» **Task item**:
Using the material that follows, output exactly the lines from the one containing "binom (p - 1)" through the one containing "The sign: inclusion-exclusion", with both ends kept.

☆ ☆ ☆ ☆ ☆

(* Let $m>2$ be an integer with prime factorization $m=p_1^{\alpha_1}\cdots p_r^{\alpha_r}$ ($p_1,\ldots,p_r$ distinct primes, $\alpha_i\ge1$), and let $p$ be an odd prime not dividing $m$. Then $$(-1)^{\frac{\varphi(m)}2\cdot\frac{p-1}2}\Big(\frac{p_1}p\Big)^{[r=1]}\prod_{\substack{0<k<m/2\\ \gcd(k,m)=1}}\binom{p-1}{\lfloor pk/m\rfloor}\equiv 1+\frac{\varphi(m)}2\sum_{i=1}^r(\alpha_ip_i-\alpha_i+1)\frac{p_i^{p-1}-1}{p_i-1}\pmod{p^2}.$$
   Context: $\varphi$ is Euler's totient function, $(\frac{\cdot}{p})$ is the Legendre symbol, $\lfloor x\rfloor$ is the integer part of $x$, and for an assertion $P$, $[P]=1$ if $P$ holds and $[P]=0$ otherwise. Congruences modulo $p^2$ are between rational numbers whose denominators are prime to $p$. *)

theory Defs
  imports "HOL-Number_Theory.Number_Theory"
begin

end

(*
  Write j(k) = floor (p k / m) for the k in (0, m/2) prime to m. Modulo p^2 one has
  binom (p - 1) j = (-1)^j (1 - p H(j)), with H(j) the j-th harmonic number computed
  modulo p, so the product equals (-1)^J (1 - p S) with J = sum of the j(k) and
  S = sum of the H(j(k)).

  The sign: inclusion-exclusion over the squarefree divisors d of m turns J into
  Eisenstein's lattice point sums E(n) = sum_{i <= (p-1)/2} floor (i n / p) for the
  cofactors n = m/d. By Gauss' lemma (-1)^E(n) is a Legendre symbol (up to (2/p) for
  even n), and the cofactors pair off as n, n/q for one odd prime factor q (or
  n, n/2 when m is a power of 2); the pairs give (q/p), so the product is (p_1/p)
  when r = 1 and 1 otherwise.

  The magnitude: H(p - 1 - j) = H(j) mod p folds the sum over all k < m prime to m
  onto 2 S, and the same inclusion-exclusion reduces it to sums over 0 < k < n of
  H(floor (p k / n)), which by counting lattice points and Lerch's formula are
  -n (n^(p-1) - 1) / p mod p. As n |-> n^(p-1) - 1 is additive modulo p^2 on
  units, the alternating sum over cofactors collapses to the right-hand side.
*)
theory Submission
  imports Defs
begin

lemma cong_mult_self_square:
  fixes p a b :: int
  assumes "[a = b] (mod p)"
  shows "[p * a = p * b] (mod p\<^sup>2)"
proof -
  obtain k where "a - b = p * k"
    using assms by (auto simp: cong_iff_dvd_diff elim: dvdE)
  then have "p * a - p * b = p\<^sup>2 * k"
    by (simp add: algebra_simps power2_eq_square)
  then show ?thesis
    by (simp add: cong_iff_dvd_diff)
qed

lemma prod_one_plus_mult_cong:
  fixes p :: int
  assumes "finite A"
  shows "[(\<Prod>x\<in>A. 1 + p * f x) = 1 + p * (\<Sum>x\<in>A. f x)] (mod p\<^sup>2)"
  using assms
proof (induction A rule: finite_induct)
  case empty
  then show ?case by simp
next
  case (insert a A)
  let ?s = "\<Sum>x\<in>A. f x"
  have "[(\<Prod>x\<in>insert a A. 1 + p * f x) = (1 + p * f a) * (1 + p * ?s)] (mod p\<^sup>2)"
    using insert by (simp add: cong_scalar_left)
  also have "(1 + p * f a) * (1 + p * ?s) = 1 + p * (f a + ?s) + p\<^sup>2 * (f a * ?s)"
    by (simp add: algebra_simps power2_eq_square)
  also have "[\<dots> = 1 + p * (f a + ?s)] (mod p\<^sup>2)"
    by (simp add: cong_iff_dvd_diff)
  finally show ?case
    using insert by simp
qed

lemma minus_one_power_eq: "(even a \<longleftrightarrow> even b) \<Longrightarrow> (-1::'a::ring_1) ^ a = (-1) ^ b"
  by (simp add: minus_one_power_iff)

☆ ☆ ☆ ☆ ☆

» **Solution to this task**:
  binom (p - 1) j = (-1)^j (1 - p H(j)), with H(j) the j-th harmonic number computed
  modulo p, so the product equals (-1)^J (1 - p S) with J = sum of the j(k) and
  S = sum of the H(j(k)).

  The sign: inclusion-exclusion over the squarefree divisors d of m turns J into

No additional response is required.